Hello gentle people:  I haven't used a Mac since the classic, I recently inherited a Performa 6360 from a friend who left no will or instructions fot the distribution of his estate.  I would like to search his Mac and see if he left anything there, but when I turn on the system all I get is an Icon in the center of the screen (a floppy with a 0 in the top and a ? in the bottom) I have tried inserting several of the disks he had left (someone had removed several hundred from his home including any system disks) but all are immediately ejected. As you can tell, I am a "babe in the woods" and need some advice.
  I appreciate your time and consideration.
My e-mail is dougreardn@mindspring.com, I do have spamblocker so it may be a day before I can respond.
Thanks
Doug


----------



## sinclair_tm (Jan 24, 2006)

you'll need to find some mac system 7.5.3 floppies, or mac os 8 on cd.  sounds like it can't find an installed system.  you could try ebay, but other then that, it's hard to find.  you can download 7.5.3 from apple, scroll down to where it says "Macintosh/System/Older_System/System_7.5_Version_7.5.3/System_7.5.3_01of19.smi.bin" and get all 19 parts.  but unless you do it on another mac w/a cd burner, its not going to help you.


----------



## powermac (Jan 24, 2006)

If you elect to download & burn system 7 from Apple, burn in one of the slowest speeds.
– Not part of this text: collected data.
lemma sum_abs_diff_type_of_arr_le:
  "(\<Sum>i<2*N. \<bar>real (ent (type_of_arr N x) i) - real (ent (type_of_arr N y) i)\<bar>)
     \<le> (\<Sum>i<2*N. \<bar>real (x i) - real (y i)\<bar>)"
proof -
  define M where "M = (\<Sum>i<2*N. x i + y i)"
  have xM: "x i \<le> M" and yM: "y i \<le> M" if "i < 2*N" for i
    using member_le_sum[of i "{..<2*N}" "\<lambda>i. x i + y i"] that by (auto simp: M_def)
  let ?d = "\<lambda>u v. \<bar>of_bool u - of_bool v :: real\<bar>"
  have "(\<Sum>i<2*N. \<bar>real (ent (type_of_arr N x) i) - real (ent (type_of_arr N y) i)\<bar>)
      = (\<Sum>i<2*N. \<Sum>t<M. ?d (t < ent (type_of_arr N x) i) (t < ent (type_of_arr N y) i))"
    using xM yM
    by (intro sum.cong refl abs_diff_eq_sum_thresholds[symmetric] ent_type_of_arr_le) auto
  also have "\<dots> = (\<Sum>t<M. \<Sum>i<2*N. ?d (i < count_above N x t) (i < count_above N y t))"
    by (subst sum.swap) (simp add: less_ent_type_of_arr_iff)
  also have "\<dots> = (\<Sum>t<M. \<bar>real (count_above N x t) - real (count_above N y t)\<bar>)"
    by (intro sum.cong refl abs_diff_eq_sum_thresholds count_above_le)
  also have "\<dots> \<le> (\<Sum>t<M. \<Sum>i<2*N. ?d (t < x i) (t < y i))"
    unfolding real_count_above sum_subtractf[symmetric] by (intro sum_mono sum_abs)
  also have "\<dots> = (\<Sum>i<2*N. \<bar>real (x i) - real (y i)\<bar>)"
    using xM yM by (subst sum.swap) (intro sum.cong refl abs_diff_eq_sum_thresholds; simp)
  finally show ?thesis .
qed

lemma type_dist_type_of_arr_le:
  "type_dist N (type_of_arr N x) (type_of_arr N y) \<le> (\<Sum>i<2*N. \<bar>real (x i) - real (y i)\<bar>) / 2"
proof -
  have "(\<Sum>i<N. \<bar>real (ent (type_of_arr N x) i) - real (ent (type_of_arr N y) i)\<bar>)
      \<le> (\<Sum>i<2*N. \<bar>real (ent (type_of_arr N x) i) - real (ent (type_of_arr N y) i)\<bar>)"
    by (rule sum_mono2) auto
  also have "\<dots> \<le> (\<Sum>i<2*N. \<bar>real (x i) - real (y i)\<bar>)"
    by (rule sum_abs_diff_type_of_arr_le)
  finally show ?thesis unfolding type_dist_def by simp
qed

definition chopped :: "nat \<Rightarrow> nat \<Rightarrow> (nat \<Rightarrow> nat) \<Rightarrow> (nat \<Rightarrow> nat) \<Rightarrow> nat set" where
  "chopped N s b a = {i. i < 2*N \<and> a i \<ge> b i + s \<and> a i > s}"

lemma chopped_subset: "chopped N s b a \<subseteq> {..<2*N}"
  by (auto simp: chopped_def)

lemma chop_step_mass:
  assumes "chop_step N s b a a'"
  shows "(\<Sum>i<2*N. real (a' i)) = (\<Sum>i<2*N. real (a i))"
    and "(\<Sum>i<2*N. \<bar>real (a' i) - real (a i)\<bar>) = 2 * real s * real (card (chopped N s b a))"
proof -
  let ?I = "chopped N s b a"
  obtain f where inj: "inj_on f ?I" and fI: "f ` ?I \<subseteq> {j. j < 2*N \<and> a j = 0 \<and> b j = 0}"
    and a': "a' = (\<lambda>k. if k \<in> ?I then a k - s else if k \<in> f ` ?I then s else a k)"
    using assms unfolding chop_step_def chopped_def Let_def by blast
  have disj: "?I \<inter> f ` ?I = {}" using fI by (auto simp: chopped_def)
  have "?I \<subseteq> {..<2*N}" "f ` ?I \<subseteq> {..<2*N}" using chopped_subset fI by auto
  then have mass: "(\<Sum>i<2*N. real s * of_bool (i \<in> ?I)) = real s * real (card ?I)"
    "(\<Sum>i<2*N. real s * of_bool (i \<in> f ` ?I)) = real s * real (card ?I)"
    using card_image[OF inj] by (simp_all add: Int_absorb1 flip: sum_distrib_left)
  have change: "real (a' k) = real (a k) - real s * of_bool (k \<in> ?I) + real s * of_bool (k \<in> f ` ?I)" for k
    using disj fI by (auto simp: a' chopped_def of_nat_diff)
  then show "(\<Sum>i<2*N. real (a' i)) = (\<Sum>i<2*N. real (a i))"
    by (simp only: change sum.distrib sum_subtractf mass)
  have "\<bar>real (a' k) - real (a k)\<bar> = real s * of_bool (k \<in> ?I) + real s * of_bool (k \<in> f ` ?I)" for k
    using disj by (cases "k \<in> ?I") (auto simp: change)
  then show "(\<Sum>i<2*N. \<bar>real (a' i) - real (a i)\<bar>) = 2 * real s * real (card ?I)"
    by (simp only: sum.distrib mass)
qed

text \<open>Positions empty in both \<open>a0\<close> and \<open>b\<close> are exempt: they receive the chopped-off pieces.\<close>

definition chop_invariant :: "nat \<Rightarrow> (nat \<Rightarrow> nat) \<Rightarrow> (nat \<Rightarrow> nat) \<Rightarrow> nat \<Rightarrow> (nat \<Rightarrow> nat) \<Rightarrow> bool" where
  "chop_invariant N a0 b s a \<longleftrightarrow>
     (\<Sum>i<2*N. real (a i)) = (\<Sum>i<2*N. real (a0 i)) \<and>
     (\<forall>i<2*N. a0 i \<noteq> 0 \<or> b i \<noteq> 0 \<longrightarrow>
        a i \<le> a0 i \<and> (a i \<noteq> a0 i \<longrightarrow> b i \<le> a i \<and> b i + s \<le> a0 i))"

lemma chop_invariant_init: "chop_invariant N a0 b s a0"
  by (simp add: chop_invariant_def)

lemma chop_invariant_step:
  assumes inv: "chop_invariant N a0 b s a" and "s' \<le> s" and step: "chop_step N s' b a a'"
  shows "chop_invariant N a0 b s' a'"
proof -
  let ?I = "chopped N s' b a"
  obtain f where fI: "f ` ?I \<subseteq> {j. j < 2*N \<and> a j = 0 \<and> b j = 0}"
    and a': "a' = (\<lambda>k. if k \<in> ?I then a k - s' else if k \<in> f ` ?I then s' else a k)"
    using step unfolding chop_step_def chopped_def Let_def by blast
  have "a' i \<le> a0 i \<and> (a' i \<noteq> a0 i \<longrightarrow> b i \<le> a' i \<and> b i + s' \<le> a0 i)"
    if "i < 2*N" and "a0 i \<noteq> 0 \<or> b i \<noteq> 0" for i
  proof -
    have old: "a i \<le> a0 i \<and> (a i \<noteq> a0 i \<longrightarrow> b i \<le> a i \<and> b i + s \<le> a0 i)"
      using inv that unfolding chop_invariant_def by blast
    consider "i \<in> ?I" | "i \<notin> ?I" "i \<in> f ` ?I" | "i \<notin> ?I" "i \<notin> f ` ?I" by blast
    then show ?thesis
    proof cases
      case 1
      then show ?thesis using old by (auto simp: a' chopped_def)
    next
      case 2
      then have "a i = 0" "b i = 0" using fI by auto
      then show ?thesis using old that \<open>s' \<le> s\<close> by (auto simp: a')
    next
      case 3
      then show ?thesis using old \<open>s' \<le> s\<close> by (auto simp: a')
    qed
  qed
  moreover have "(\<Sum>i<2*N. real (a' i)) = (\<Sum>i<2*N. real (a0 i))"
    using chop_step_mass(1)[OF step] inv unfolding chop_invariant_def by simp
  ultimately show ?thesis unfolding chop_invariant_def by blast
qed

lemma gap_le_of_approx:
  fixes d q R s :: real
  assumes "0 \<le> s" and "s \<le> d" and "\<bar>d\<bar> \<le> q + R" and "4 * q \<le> 3 * s"
  shows "d \<le> 4 * R"
  using assms by linarith

lemma chunk_mul_card_chopped_le:
  fixes q \<tau> :: real
  assumes inv: "chop_invariant N a0 b s' a" and "s \<le> s'" and "4 * q \<le> 3 * real s" and "0 < \<tau>"
    and approx: "\<And>i. i < 2*N \<Longrightarrow> \<bar>real (a0 i) - real (b i)\<bar> \<le> q + (real (a0 i) + real (b i)) / \<tau>"
  shows "real s * real (card (chopped N s b a)) \<le> 4 * (\<Sum>i<2*N. real (a0 i) + real (b i)) / \<tau>"
proof -
  let ?C = "chopped N s b a"
  define gain where
    "gain i = (if i \<in> ?C then real (a i) - real (b i) else 0) + real (a0 i) - real (a i)" for i
  have gain_le: "gain i \<le> 4 * ((real (a0 i) + real (b i)) / \<tau>)" if i: "i < 2*N" for i
  proof (cases "a0 i = 0 \<and> b i = 0")
    case True
    then show ?thesis using \<open>0 < \<tau>\<close> by (simp add: gain_def)
  next
    case False
    have old: "a i \<le> a0 i \<and> (a i \<noteq> a0 i \<longrightarrow> b i \<le> a i \<and> b i + s' \<le> a0 i)"
      using inv i False unfolding chop_invariant_def by blast
    have "gain i \<le> 0 \<or> (gain i \<le> real (a0 i) - real (b i) \<and> real s \<le> real (a0 i) - real (b i))"
      using old \<open>s \<le> s'\<close> by (auto simp: gain_def chopped_def)
    then show ?thesis
    proof (elim disjE conjE)
      assume "gain i \<le> 0"
      moreover have "0 \<le> (real (a0 i) + real (b i)) / \<tau>" using \<open>0 < \<tau>\<close> by simp
      ultimately show ?thesis by linarith
    next
      assume "gain i \<le> real (a0 i) - real (b i)" and "real s \<le> real (a0 i) - real (b i)"
      then show ?thesis
        using gap_le_of_approx[OF _ _ approx[OF i] \<open>4 * q \<le> 3 * real s\<close>] by simp
    qed
  qed
  have "real s * real (card ?C) = (\<Sum>i\<in>?C. real s)" by simp
  also have "\<dots> \<le> (\<Sum>i\<in>?C. real (a i) - real (b i))"
    by (intro sum_mono) (auto simp: chopped_def)
  also have "\<dots> = (\<Sum>i<2*N. if i \<in> ?C then real (a i) - real (b i) else 0)"
    by (simp add: sum.inter_restrict[symmetric] Int_absorb1[OF chopped_subset])
  also have "\<dots> = (\<Sum>i<2*N. gain i)"
    using inv by (simp add: gain_def sum.distrib sum_subtractf chop_invariant_def)
  also have "\<dots> \<le> (\<Sum>i<2*N. 4 * ((real (a0 i) + real (b i)) / \<tau>))"
    by (intro sum_mono gain_le) simp
  also have "\<dots> = 4 * (\<Sum>i<2*N. real (a0 i) + real (b i)) / \<tau>"
    by (simp add: sum_distrib_left sum_divide_distrib)
  finally show ?thesis .
qed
Having done this myself, only to learn that if you burn the CD faster than the Performa can read it, you find yourself doing it all over again.


----------



## dougreardon (Jan 24, 2006)

Thanks Sinclair TM and Powermac, that's what I figgured, but had hoped there was some key combo that would force it to load from the hard disk.  I'll check out e-bay.  
 I appreciate the feedback!


----------



## OBcecado (Sep 6, 2006)

Hello.
I'd like to ask one thing, I've downloaded all floppies from apple's mirror.
But since i don't have access to any other mac, is it possible for me to write all those images to floppies ?
My machine is a quadra 800 with a 500mb disk.
@powermac: Is there such iso with system 7.5.3 on cd ? If so is there a way to get it legitimally ?


Thanks in advance.

Greetings from Portugal.


----------



## sinclair_tm (Sep 6, 2006)

did you download them on a mac?  as far as copying them to floppies, if i remember right, apple's 7.5.3 free installer is cd only.


----------



## OBcecado (Sep 6, 2006)

Hello again, thanks for the fast reply.
No i did not download them on a mac.
I do not have any access to macs currently as i have *only* that mac, which disk is currently unusable.
What exactly do the floppies contain ? the cd iso ?
If that's so after burning the iso to a cd would allow me to install the OS to the disk ?
Sorry for all these questions, but i have no other place to ask them.

Greetz from Portugal


----------



## bobw (Sep 7, 2006)

How can I get an OS on a Mac using only my PC


----------



## OBcecado (Sep 7, 2006)

Hi.
I'm following the guide you posted above, and it works, the floppy boots the mac, but i can't find the partition software, anywhere on that disk, how can i do such thing ?
The following is written on the guide:
Use the Apple HD SC utility on the boot disk to re-initialise your hard disk, if present.
What if it's not preset ?
Thanks in advance.


----------